I replaced the bearings in a couple of my Curados with the orange seals and wasn't impressed with them. First trip out they were great after that...not so much.


----------



## Csafisher (Nov 16, 2010)

Bocephus said:


> Interesting...
> 
> I replaced the bearings in a couple of my Curados with the orange seals and wasn't impressed with them. First trip out they were great after that...not so much.


I've had good luck with my orange seals. But I do not wade too much, and I lube them. I can tell a difference in casting distance. But maybe I will try these red seals next time.


----------



## Csafisher (Nov 16, 2010)

How much are these red seals?


----------



## going_deep (Apr 13, 2014)

What all are you selling at your clute location?


----------



## fish4food (Feb 11, 2011)

going_deep said:


> What all are you selling at your clute location?


Same ?


----------



## [email protected] (Mar 7, 2008)

fish4food said:


> Same ?


Sales and service of rods and reels, rod build components, and blanks full line of jl audio marine

Sent from my XT1585 using Tapatalk


----------



## going_deep (Apr 13, 2014)

[email protected] said:


> Sales and service of rods and reels, rod build components, and blanks full line of jl audio marine
> 
> Sent from my XT1585 using Tapatalk


Cool, I only live a few minutes down the road. I'll have to come take a look.
Have drag washers?


----------



## [email protected] (Mar 7, 2008)

*smoooth drag*



going_deep said:


> Cool, I only live a few minutes down the road. I'll have to come take a look.
> Have drag washers?


I have drag washers for most every reel made if not i can make them.


----------



## [email protected] (Mar 7, 2008)

*red seal*



Csafisher said:


> How much are these red seals?


I will try to keep them at the same price as the orange seals, $15 each


----------



## glojim (Aug 9, 2004)

Are there Boca bearings and drag washers available for the new Chronarch G reel?


----------



## [email protected] (Mar 7, 2008)

glojim said:


> Are there Boca bearings and drag washers available for the new Chronarch G reel?


Carbon fiber drag washers and yes there is Boca bearings available for it

Sent from my XT1585 using Tapatalk


----------



## [email protected] (Mar 7, 2008)

*chronarch G*



[email protected] said:


> Carbon fiber drag washers and yes there is Boca bearings available for it
> 
> Sent from my XT1585 using Tapatalk


the reel will come with carbon fiber drag washers


----------



## [email protected] (Mar 7, 2008)

*Boca*



Bocephus said:


> Interesting...
> 
> I replaced the bearings in a couple of my Curados with the orange seals and wasn't impressed with them. First trip out they were great after that...not so much.

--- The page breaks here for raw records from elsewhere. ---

(* Let $\phi_1,\ldots,\phi_k\in L^1(\mathbb{R}_+)$ with $\int_0^\infty\phi_i(x)\,dx = 1$ for each $1\le i\le k$, such that the closed ideal of $L^1(\mathbb{R})$ generated by $\tilde\phi_1,\ldots,\tilde\phi_k$ is $L^1(\mathbb{R})$. Then for $f\in L^\infty(\mathbb{R}_+)$ and a constant $\alpha$, the statement "$S_{\phi_i}(f)=\alpha$ for every $1\le i\le k$" is equivalent to "$K(f)=\alpha$".
   Context: $\mathbb{R}_+=[0,\infty)$; functions are complex-valued. $S_\phi(f) = \lim_{x\to\infty}\int_0^x f(t)\phi(x-t)\,dt$ (the statement $S_\phi(f)=\alpha$ means this limit exists and equals $\alpha$). $K(f)=\alpha$ means that $f(\cdot+s)$ converges as $s\to\infty$ to the constant $\alpha$ in the weak* topology of $L^\infty(\mathbb{R}_+)=L^1(\mathbb{R}_+)^*$. $\tilde\phi_i$ is $\phi_i$ extended by $0$ on $(-\infty,0)$; $L^1(\mathbb{R})$ is the convolution Banach algebra. *)

theory Defs
  imports "HOL-Analysis.Analysis"
begin

definition conv_R :: "(real \<Rightarrow> complex) \<Rightarrow> (real \<Rightarrow> complex) \<Rightarrow> real \<Rightarrow> complex" where
  "conv_R g u = (\<lambda>x. LINT t|lborel. g t * u (x - t))"

definition ext0 :: "(real \<Rightarrow> complex) \<Rightarrow> real \<Rightarrow> complex" where
  "ext0 \<phi> = (\<lambda>x. if 0 \<le> x then \<phi> x else 0)"
lemma has_vector_derivative_reflect:
  assumes "(\<alpha> has_vector_derivative a) (at (c - t))"
  shows "((\<lambda>y. \<alpha> (c - y)) has_vector_derivative - a) (at t)"
proof -
  have "((\<lambda>y. c - y) has_vector_derivative -1) (at t)"
    by (auto intro!: derivative_eq_intros simp flip: has_real_derivative_iff_has_vector_derivative)
  from vector_diff_chain_at[OF this] assms show ?thesis by (simp add: o_def)
qed

lemma has_vector_derivative_shift:
  assumes "(\<alpha> has_vector_derivative a) (at (t - c))"
  shows "((\<lambda>y. \<alpha> (y - c)) has_vector_derivative a) (at t)"
proof -
  have "((\<lambda>y. y - c) has_vector_derivative 1) (at t)"
    by (auto intro!: derivative_eq_intros simp flip: has_real_derivative_iff_has_vector_derivative)
  from vector_diff_chain_at[OF this] assms show ?thesis by (simp add: o_def)
qed

lemma has_vector_derivative_Gsym_sgn:
  assumes t: "t \<in> {0<..<1} - {1/4, 1/2, 3/4}"
    and deriv: "\<And>u. u \<in> {t, 1/2 - t, t - 1/2, 1 - t} \<inter> {0<..<1/4} \<Longrightarrow>
      (\<alpha> has_vector_derivative \<alpha>' u) (at u)"
  shows "(Gsym_sgn sg \<alpha> has_vector_derivative Gsym_sgn (-sg) \<alpha>' t) (at t)"
proof -
  have lin: "bounded_linear (\<lambda>v. sg *\<^sub>R R1 v)" "bounded_linear (\<lambda>v. sg *\<^sub>R R3 v)"
    using bounded_linear_reflections
    by (auto intro: bounded_linear_compose[OF bounded_linear_scaleR_right])
  note local_eq = has_vector_derivative_transform_within_open
  consider "t < 1/4" | "1/4 < t" "t < 1/2" | "1/2 < t" "t < 3/4" | "3/4 < t"
    using t by force
  then show ?thesis
  proof cases
    case 1
    have "(\<alpha> has_vector_derivative \<alpha>' t) (at t)" using t 1 by (intro deriv) auto
    then have "(Gsym_sgn sg \<alpha> has_vector_derivative \<alpha>' t) (at t)"
      by (rule local_eq[where S="{0<..<1/4}"]) (use t 1 in \<open>auto simp: Gsym_sgn_unit_interval\<close>)
    then show ?thesis using t 1 by (simp add: Gsym_sgn_unit_interval)
  next
    case 2
    have "(\<alpha> has_vector_derivative \<alpha>' (1/2 - t)) (at (1/2 - t))" using 2 by (intro deriv) auto
    from bounded_linear.has_vector_derivative[OF lin(1) has_vector_derivative_reflect[OF this]]
    have "(Gsym_sgn sg \<alpha> has_vector_derivative sg *\<^sub>R R1 (- \<alpha>' (1/2 - t))) (at t)"
      by (rule local_eq[where S="{1/4<..<1/2}"]) (use t 2 in \<open>auto simp: Gsym_sgn_unit_interval\<close>)
    then show ?thesis using t 2 by (simp add: Gsym_sgn_unit_interval)
  next
    case 3
    have "(\<alpha> has_vector_derivative \<alpha>' (t - 1/2)) (at (t - 1/2))" using 3 by (intro deriv) auto
    from bounded_linear.has_vector_derivative[OF bounded_linear_reflections(2) has_vector_derivative_shift[OF this]]
    have "(Gsym_sgn sg \<alpha> has_vector_derivative R2 (\<alpha>' (t - 1/2))) (at t)"
      by (rule local_eq[where S="{1/2<..<3/4}"]) (use t 3 in \<open>auto simp: Gsym_sgn_unit_interval\<close>)
    then show ?thesis using t 3 by (simp add: Gsym_sgn_unit_interval)
  next
    case 4
    have "(\<alpha> has_vector_derivative \<alpha>' (1 - t)) (at (1 - t))" using t 4 by (intro deriv) auto
    from bounded_linear.has_vector_derivative[OF lin(2) has_vector_derivative_reflect[OF this]]
    have "(Gsym_sgn sg \<alpha> has_vector_derivative sg *\<^sub>R R3 (- \<alpha>' (1 - t))) (at t)"
      by (rule local_eq[where S="{3/4<..<1}"]) (use t 4 in \<open>auto simp: Gsym_sgn_unit_interval\<close>)
    then show ?thesis using t 4 by (simp add: Gsym_sgn_unit_interval)
  qed
qed

lemma W22_Gsym_sgn:
  assumes cont: "continuous_on UNIV \<alpha>" "continuous_on UNIV \<alpha>'"
    and meas: "\<alpha>'' \<in> borel_measurable borel"
    and bnd: "\<And>u. u \<in> {0..1/4} \<Longrightarrow> norm (\<alpha> u) \<le> K \<and> norm (\<alpha>' u) \<le> K \<and> norm (\<alpha>'' u) \<le> K"
    and S: "finite S"
    and deriv: "\<And>u. u \<in> {0<..<1/4} - S \<Longrightarrow>
        (\<alpha> has_vector_derivative \<alpha>' u) (at u) \<and> (\<alpha>' has_vector_derivative \<alpha>'' u) (at u)"
    and start: "\<alpha> 0 $ 1 = 0" "\<alpha> 0 $ 2 = 0" "\<alpha>' 0 $ 3 = 0"
    and "end": "\<alpha> (1/4) $ 2 = 0" "\<alpha> (1/4) $ 3 = 0" "\<alpha>' (1/4) $ 1 = 0"
  shows "W22 (Gsym_sgn 1 \<alpha>) (Gsym_sgn (-1) \<alpha>') (Gsym_sgn 1 \<alpha>'')"
proof -
  have [measurable]: "\<alpha> \<in> borel_measurable borel" "\<alpha>' \<in> borel_measurable borel"
    using cont by (auto intro: borel_measurable_continuous_onI)
  have b: "norm (Gsym_sgn 1 \<alpha> t) \<le> K" "norm (Gsym_sgn (-1) \<alpha>' t) \<le> K"
    "norm (Gsym_sgn 1 \<alpha>'' t) \<le> K" for t
    using bnd by (auto intro!: norm_Gsym_sgn_le)
  have c: "continuous_on {0..1} (Gsym_sgn 1 \<alpha>)" "continuous_on {0..1} (Gsym_sgn (-1) \<alpha>')"
    using cont start "end" by (auto intro!: continuous_on_Gsym_sgn simp: vec3_eq_iff)
  define E where "E = {1/4, 1/2, 3/4} \<union> S \<union> (\<lambda>u. 1/2 - u) ` S \<union> (\<lambda>u. u + 1/2) ` S \<union> (\<lambda>u. 1 - u) ` S"
  have E: "finite E" using S by (simp add: E_def)
  have off_S: "u \<in> {0<..<1/4} - S"
    if "t \<notin> E" "u \<in> {t, 1/2 - t, t - 1/2, 1 - t} \<inter> {0<..<1/4}" for t u
    using that unfolding E_def by (auto intro: rev_image_eqI)
  have d: "(Gsym_sgn 1 \<alpha> has_vector_derivative Gsym_sgn (-1) \<alpha>' t) (at t) \<and>
      (Gsym_sgn (-1) \<alpha>' has_vector_derivative Gsym_sgn 1 \<alpha>'' t) (at t)"
    if t: "t \<in> {0<..<1} - E" for t
  proof -
    have "t \<in> {0<..<1} - {1/4, 1/2, 3/4}" using t by (simp add: E_def)
    then show ?thesis
      using has_vector_derivative_Gsym_sgn[of t \<alpha> \<alpha>' 1] has_vector_derivative_Gsym_sgn[of t \<alpha>' \<alpha>'' "-1"]
        deriv off_S t by auto
  qed
  show ?thesis unfolding W22_def
    using meas b c E d
    by (auto intro!: periodic1_Gsym_sgn L2_on01_bounded weak_deriv_piecewise_C1)
qed

lemma tendsto_Gsym_sgn:
  assumes t: "t \<in> {0<..<1} - {1/4, 1/2, 3/4}"
    and lim: "\<And>u. u \<in> {0<..<1/4} \<Longrightarrow> ((\<lambda>e. A e u) \<longlongrightarrow> A0 u) F"
  shows "((\<lambda>e. Gsym_sgn sg (A e) t) \<longlongrightarrow> Gsym_sgn sg A0 t) F"
proof -
  have cR: "isCont R1 x" "isCont R2 x" "isCont R3 x" for x
    using bounded_linear_reflections by (auto intro: linear_continuous_at)
  consider "t < 1/4" | "1/4 < t" "t < 1/2" | "1/2 < t" "t < 3/4" | "3/4 < t"
    using t by force
  then show ?thesis
  proof cases
    case 1 then show ?thesis using t lim[of t] by (simp add: Gsym_sgn_unit_interval)
  next
    case 2 then show ?thesis using t lim[of "1/2 - t"]
      by (simp add: Gsym_sgn_unit_interval) (intro tendsto_intros isCont_tendsto_compose[OF cR(1)])
  next
    case 3 then show ?thesis using t lim[of "t - 1/2"]
      by (simp add: Gsym_sgn_unit_interval) (intro tendsto_intros isCont_tendsto_compose[OF cR(2)])
  next
    case 4 then show ?thesis using t lim[of "1 - t"]
      by (simp add: Gsym_sgn_unit_interval) (intro tendsto_intros isCont_tendsto_compose[OF cR(3)])
  qed
qed

lemma sqnorm01_tendsto_0_bounded:
  fixes F :: "real \<Rightarrow> real \<Rightarrow> vec3"
  assumes ev: "\<forall>\<^sub>F e in at_right 0. F e \<in> borel_measurable borel \<and> (\<forall>t\<in>{0..1}. norm (F e t) \<le> K)"
    and [measurable]: "F0 \<in> borel_measurable borel" and F0: "\<And>t. t \<in> {0..1} \<Longrightarrow> norm (F0 t) \<le> K"
    and N: "finite N" and lim: "\<And>t. t \<in> {0..1} - N \<Longrightarrow> ((\<lambda>e. F e t) \<longlongrightarrow> F0 t) (at_right 0)"
  shows "((\<lambda>e. sqnorm01 (\<lambda>t. F e t - F0 t)) \<longlongrightarrow> 0) (at_right 0)"
proof -
  define s where "s e t = indicator {0..1} t * (norm (F e t - F0 t))\<^sup>2" for e t
  have "sqnorm01 (\<lambda>t. F e t - F0 t) = integral\<^sup>L lborel (s e)" for e
    unfolding sqnorm01_def set_lebesgue_integral_def s_def by simp
  moreover have "((\<lambda>e. integral\<^sup>L lborel (s e)) \<longlongrightarrow> integral\<^sup>L lborel (\<lambda>t::real. 0)) (at_right 0)"
  proof (rule integral_dominated_convergence_at_right[where w="\<lambda>t. indicator {0..1} t * (2*K)^2"])
    show "\<forall>\<^sub>F e in at_right 0. s e \<in> borel_measurable lborel"
      using ev
    proof eventually_elim
      case (elim e)
      then have [measurable]: "F e \<in> borel_measurable borel" by simp
      show ?case unfolding s_def by measurable
    qed
    show "integrable lborel (\<lambda>t::real. indicator {0..1} t * (2 * K)\<^sup>2)"
      by (simp add: integrable_real_mult_indicator)
    show "\<forall>\<^sub>F e in at_right 0. AE t in lborel. norm (s e t) \<le> indicator {0..1} t * (2 * K)\<^sup>2"
      using ev
    proof eventually_elim
      case (elim e)
      have "norm (F e t - F0 t) \<le> 2 * K" if "t \<in> {0..1}" for t
        using norm_triangle_ineq4[of "F e t" "F0 t"] bspec[OF elim[THEN conjunct2] that] F0[OF that]
        by linarith
      then have "(norm (F e t - F0 t))\<^sup>2 \<le> (2 * K)\<^sup>2" if "t \<in> {0..1}" for t
        using that by (intro power_mono) auto
      then show ?case
        by (intro AE_I2) (auto simp: s_def indicator_def simp del: power_mult_distrib)
    qed
    have "((\<lambda>e. s e t) \<longlongrightarrow> 0) (at_right 0)" if "t \<notin> N" for t
      using that lim[of t] by (cases "t \<in> {0..1}") (auto simp: s_def intro!: tendsto_eq_intros)
    then show "AE t in lborel. ((\<lambda>e. s e t) \<longlongrightarrow> 0) (at_right 0)"
      using N by (intro AE_I'[where N=N] countable_imp_null_set_lborel) (auto intro: countable_finite)
  qed simp
  ultimately show ?thesis by simp
qed

lemma sqnorm01_Gsym_sgn_tendsto_0:
  fixes A :: "real \<Rightarrow> real \<Rightarrow> vec3"
  assumes lim: "\<And>u. u \<in> {0<..<1/4} \<Longrightarrow> ((\<lambda>e. A e u) \<longlongrightarrow> A0 u) (at_right 0)"
    and ev: "\<forall>\<^sub>F e in at_right 0. A e \<in> borel_measurable borel \<and> (\<forall>u\<in>{0..1/4}. norm (A e u) \<le> K)"
    and "A0 \<in> borel_measurable borel" "\<And>u. u \<in> {0..1/4} \<Longrightarrow> norm (A0 u) \<le> K"
    and sg: "\<bar>sg\<bar> = 1"
  shows "((\<lambda>e. sqnorm01 (\<lambda>t. Gsym_sgn sg (A e) t - Gsym_sgn sg A0 t)) \<longlongrightarrow> 0) (at_right 0)"
proof (rule sqnorm01_tendsto_0_bounded[where N="{0, 1/4, 1/2, 3/4, 1}"])
  show "\<forall>\<^sub>F e in at_right 0. Gsym_sgn sg (A e) \<in> borel_measurable borel \<and>
      (\<forall>t\<in>{0..1}. norm (Gsym_sgn sg (A e) t) \<le> K)"
    using ev by eventually_elim (use sg in \<open>auto intro: norm_Gsym_sgn_le\<close>)
  show "((\<lambda>e. Gsym_sgn sg (A e) t) \<longlongrightarrow> Gsym_sgn sg A0 t) (at_right 0)"
    if "t \<in> {0..1} - {0, 1/4, 1/2, 3/4, 1}" for t
    using that by (intro tendsto_Gsym_sgn lim) auto
qed (use assms in \<open>auto intro: norm_Gsym_sgn_le\<close>)
(* Suppose Assumption 1 holds and every $d^k$ satisfies the $\eta$-inexactness condition for a fixed $\eta\in[0,1)$ ($f$ need not be convex). For $t\ge0$ let $G_t\coloneqq\arg\min_dQ^{x^t}_I(d)$ (the minimizer with $H=I$). For Algorithm 1, if $\sigma I\preceq H_k\preceq MI$ for all $k$ with $M\ge\sigma>0$, then for all $k\ge0$ $$\min_{0\le t\le k}\|G_t\|^2\le\frac{F(x^0)-F^*}{\gamma(k+1)}\cdot\frac{M^2\left(1+\frac1\sigma+\sqrt{1-\frac2M+\frac1{\sigma^2}}\right)^2}{2(1-\eta)\sigma\min_{0\le t\le k}\alpha_t}$$ $$\le\frac{F(x^0)-F^*}{\gamma(k+1)}\cdot\frac{M^2\left(1+\frac1\sigma+\sqrt{1-\frac2M+\frac1{\sigma^2}}\right)^2}{2\sigma}\max\left\{\frac1{1-\eta},\ \frac{L}{2(1-\sqrt\eta)(1-\gamma)\sigma\beta}\right\}.$$ For Algorithm 2, if the initial matrices satisfy $m_0I\preceq H^0_k\preceq M_0I$ with $M_0\ge m_0>0$ for all $k$, then for Variant 1 $$\min_{0\le t\le k}\|G_t\|^2\le\frac{F(x^0)-F^*}{\gamma(k+1)}\cdot\frac{\tilde M_1(\eta)^2\left(1+\frac1{m_0}+\sqrt{1-\frac2{\tilde M_1(\eta)}+\frac1{m_0^2}}\right)^2}{2(1-\eta)m_0},$$ and for Variant 2 the same bound holds with $\tilde M_1(\eta)$ replaced by $\tilde M_2(\eta)$.
   Context: Problem setting: $F(x)=f(x)+\psi(x)$ on $\mathbb{R}^n$, $F^*=\inf F$. Assumption 1: $f$ is differentiable with $L$-Lipschitz continuous gradient ($L>0$); $\psi:\mathbb{R}^n\to\mathbb{R}\cup\{+\infty\}$ is convex, proper and closed; $F$ is bounded below; the solution set $\Omega=\{x:F(x)=F^*\}$ is nonempty. For $x\in\mathbb{R}^n$ and symmetric $H$, $Q^x_H(d)\coloneqq\nabla f(x)^Td+\frac12d^THd+\psi(x+d)-\psi(x)$, $Q^*=\inf_dQ^x_H(d)$; $d$ satisfies the $\eta$-inexactness condition if $Q^x_H(d)\le(1-\eta)Q^*$. Algorithm 1: given $\beta,\gamma\in(0,1)$, $x^0$, fixed $\eta\in[0,1)$; for $k=0,1,\dots$: choose symmetric $H_k$ with $Q_k\coloneqq Q^{x^k}_{H_k}$ strongly convex; compute $d^k$ satisfying the $\eta$-inexactness condition for $Q_k$; let $\Delta_k=\nabla f(x^k)^Td^k+\psi(x^k+d^k)-\psi(x^k)$; let $\alpha_k=\beta^i$ for the smallest nonnegative integer $i$ with $F(x^k+\alpha_kd^k)\le F(x^k)+\alpha_k\gamma\Delta_k$; set $x^{k+1}=x^k+\alpha_kd^k$. Algorithm 2: given $\beta\in(0,1)$, $\gamma\in(0,1]$, $x^0$, fixed $\eta\in[0,1)$; for each $k$: choose symmetric $H^0_k$ (in Variant 1, $H^0_k\succ0$); set $\alpha_k\leftarrow1$, $H_k\leftarrow H^0_k$, compute $d^k$ satisfying the $\eta$-inexactness condition for $Q^{x^k}_{H_k}$; while $F(x^k)-F(x^k+d^k)\ge-\gamma Q^{x^k}_{H_k}(d^k)\ge0$ fails: Variant 1 sets $\alpha_k\leftarrow\beta\alpha_k$, $H_k\leftarrow H^0_k/\alpha_k$; Variant 2 sets $H_k\leftarrow H^0_k+\alpha_k^{-1}I$, then $\alpha_k\leftarrow\beta\alpha_k$; then $d^k$ is recomputed satisfying the $\eta$-inexactness condition. Finally $x^{k+1}=x^k+d^k$; "final $H_k$" is the accepted matrix. Constants: $\tilde M_2(\eta)\coloneqq M_0+\max\{1,\frac1\beta(\frac{L(1+\sqrt\eta)}{2-\gamma(1-\sqrt\eta)}-m_0)\}$, $\tilde M_1(\eta)\coloneqq M_0\max\{1,\frac{L(1+\sqrt\eta)}{\beta(2-\gamma(1-\sqrt\eta))m_0}\}$. *)

theory Defs
  imports "HOL-Analysis.Analysis"
begin

definition ext_convex :: "('a::real_vector \<Rightarrow> ereal) \<Rightarrow> bool" where
  "ext_convex g \<longleftrightarrow> (\<forall>x y t. 0 \<le> t \<and> t \<le> 1 \<longrightarrow>
      g ((1 - t) *\<^sub>R x + t *\<^sub>R y) \<le> ereal (1 - t) * g x + ereal t * g y)"

definition ext_proper :: "('a \<Rightarrow> ereal) \<Rightarrow> bool" where
  "ext_proper g \<longleftrightarrow> (\<forall>x. g x \<noteq> -\<infinity>) \<and> (\<exists>x. g x \<noteq> \<infinity>)"

definition ext_closed :: "('a::topological_space \<Rightarrow> ereal) \<Rightarrow> bool" where
  "ext_closed g \<longleftrightarrow> closed {(x, a::real). g x \<le> ereal a}"

definition Fobj :: "('a \<Rightarrow> real) \<Rightarrow> ('a \<Rightarrow> ereal) \<Rightarrow> 'a \<Rightarrow> ereal" where
  "Fobj f psi x = ereal (f x) + psi x"

definition Fstar :: "('a \<Rightarrow> real) \<Rightarrow> ('a \<Rightarrow> ereal) \<Rightarrow> ereal" where
  "Fstar f psi = (INF x. Fobj f psi x)"

definition assumption1 :: "(real^'n \<Rightarrow> real) \<Rightarrow> (real^'n \<Rightarrow> real^'n) \<Rightarrow> real
    \<Rightarrow> (real^'n \<Rightarrow> ereal) \<Rightarrow> bool" where
  "assumption1 f gradf L psi \<longleftrightarrow>
     (\<forall>x. (f has_derivative (\<lambda>d. gradf x \<bullet> d)) (at x)) \<and>
     L > 0 \<and> (\<forall>x y. norm (gradf x - gradf y) \<le> L * norm (x - y)) \<and>
     ext_convex psi \<and> ext_proper psi \<and> ext_closed psi \<and>
     (\<exists>c. \<forall>x. ereal c \<le> Fobj f psi x) \<and>
     (\<exists>x. Fobj f psi x = Fstar f psi)"

definition Qm :: "(real^'n \<Rightarrow> real^'n) \<Rightarrow> (real^'n \<Rightarrow> ereal) \<Rightarrow> real^'n \<Rightarrow> real^'n^'n
    \<Rightarrow> real^'n \<Rightarrow> ereal" where
  "Qm gradf psi x H d = ereal (gradf x \<bullet> d + 1/2 * (d \<bullet> (H *v d))) + psi (x + d) - psi x"

definition Qstar :: "(real^'n \<Rightarrow> real^'n) \<Rightarrow> (real^'n \<Rightarrow> ereal) \<Rightarrow> real^'n \<Rightarrow> real^'n^'n \<Rightarrow> ereal" where
  "Qstar gradf psi x H = (INF d. Qm gradf psi x H d)"

definition inexact :: "real \<Rightarrow> (real^'n \<Rightarrow> real^'n) \<Rightarrow> (real^'n \<Rightarrow> ereal) \<Rightarrow> real^'n
    \<Rightarrow> real^'n^'n \<Rightarrow> real^'n \<Rightarrow> bool" where
  "inexact \<eta> gradf psi x H d \<longleftrightarrow> Qm gradf psi x H d \<le> ereal (1 - \<eta>) * Qstar gradf psi x H"

definition Gmap :: "(real^'n \<Rightarrow> real^'n) \<Rightarrow> (real^'n \<Rightarrow> ereal) \<Rightarrow> real^'n \<Rightarrow> real^'n" where
  "Gmap gradf psi x = (THE d. \<forall>e. Qm gradf psi x (mat 1) d \<le> Qm gradf psi x (mat 1) e)"

definition loewner_between :: "real \<Rightarrow> real^'n^'n \<Rightarrow> real \<Rightarrow> bool" where
  "loewner_between a H b \<longleftrightarrow> (\<forall>v. a * (v \<bullet> v) \<le> v \<bullet> (H *v v) \<and> v \<bullet> (H *v v) \<le> b * (v \<bullet> v))"

definition symmetric_mat :: "real^'n^'n \<Rightarrow> bool" where
  "symmetric_mat H \<longleftrightarrow> transpose H = H"

definition Delta :: "(real^'n \<Rightarrow> real^'n) \<Rightarrow> (real^'n \<Rightarrow> ereal) \<Rightarrow> real^'n \<Rightarrow> real^'n \<Rightarrow> ereal" where
  "Delta gradf psi x d = ereal (gradf x \<bullet> d) + psi (x + d) - psi x"

definition armijo :: "(real^'n \<Rightarrow> real) \<Rightarrow> (real^'n \<Rightarrow> real^'n) \<Rightarrow> (real^'n \<Rightarrow> ereal) \<Rightarrow> real
    \<Rightarrow> real^'n \<Rightarrow> real^'n \<Rightarrow> real \<Rightarrow> bool" where
  "armijo f gradf psi \<gamma> x d a \<longleftrightarrow>
     Fobj f psi (x + a *\<^sub>R d) \<le> Fobj f psi x + ereal (a * \<gamma>) * Delta gradf psi x d"

text \<open>A run (x, H, d, alpha) of Algorithm 1.  Strong convexity of Q_k is implied by the
 bound sigma I \<preceq> H_k with sigma > 0 assumed in the corollary.\<close>
definition alg1_run :: "(real^'n \<Rightarrow> real) \<Rightarrow> (real^'n \<Rightarrow> real^'n) \<Rightarrow> (real^'n \<Rightarrow> ereal)
    \<Rightarrow> real \<Rightarrow> real \<Rightarrow> real \<Rightarrow> (nat \<Rightarrow> real^'n) \<Rightarrow> (nat \<Rightarrow> real^'n^'n)
    \<Rightarrow> (nat \<Rightarrow> real^'n) \<Rightarrow> (nat \<Rightarrow> real) \<Rightarrow> bool" where
  "alg1_run f gradf psi \<beta> \<gamma> \<eta> x H d \<alpha> \<longleftrightarrow>
     0 < \<beta> \<and> \<beta> < 1 \<and> 0 < \<gamma> \<and> \<gamma> < 1 \<and> 0 \<le> \<eta> \<and> \<eta> < 1 \<and>
     (\<forall>k. symmetric_mat (H k) \<and>
          inexact \<eta> gradf psi (x k) (H k) (d k) \<and>
          (\<exists>i::nat. \<alpha> k = \<beta> ^ i \<and> armijo f gradf psi \<gamma> (x k) (d k) (\<beta> ^ i) \<and>
                 (\<forall>j<i. \<not> armijo f gradf psi \<gamma> (x k) (d k) (\<beta> ^ j))) \<and>
          x (Suc k) = x k + \<alpha> k *\<^sub>R d k)"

Sorry you had a bad expierance. Did you purchase your bearings from Boca or an authorized Boca dealer?
If yes bring your reel I will check it out and give you a new set. 
If not,you may have purchasd a knock off from china they come with plastic balls instead of ceramic. 
Performance upgrades are not for everyone. .


----------



## c hook (Jul 6, 2016)

*dry*



Bocephus said:


> Interesting...
> 
> I replaced the bearings in a couple of my Curados with the orange seals and wasn't impressed with them. First trip out they were great after that...not so much.


i run mine dry, cast farther. the bearings pop out in a matter of a couple minutes without disassembling the reel. every 2 r 3 trips, i pull them, flush them in alcohol, dry them with compressor n pop them back in. then do the pencil spin test, like new every time.


----------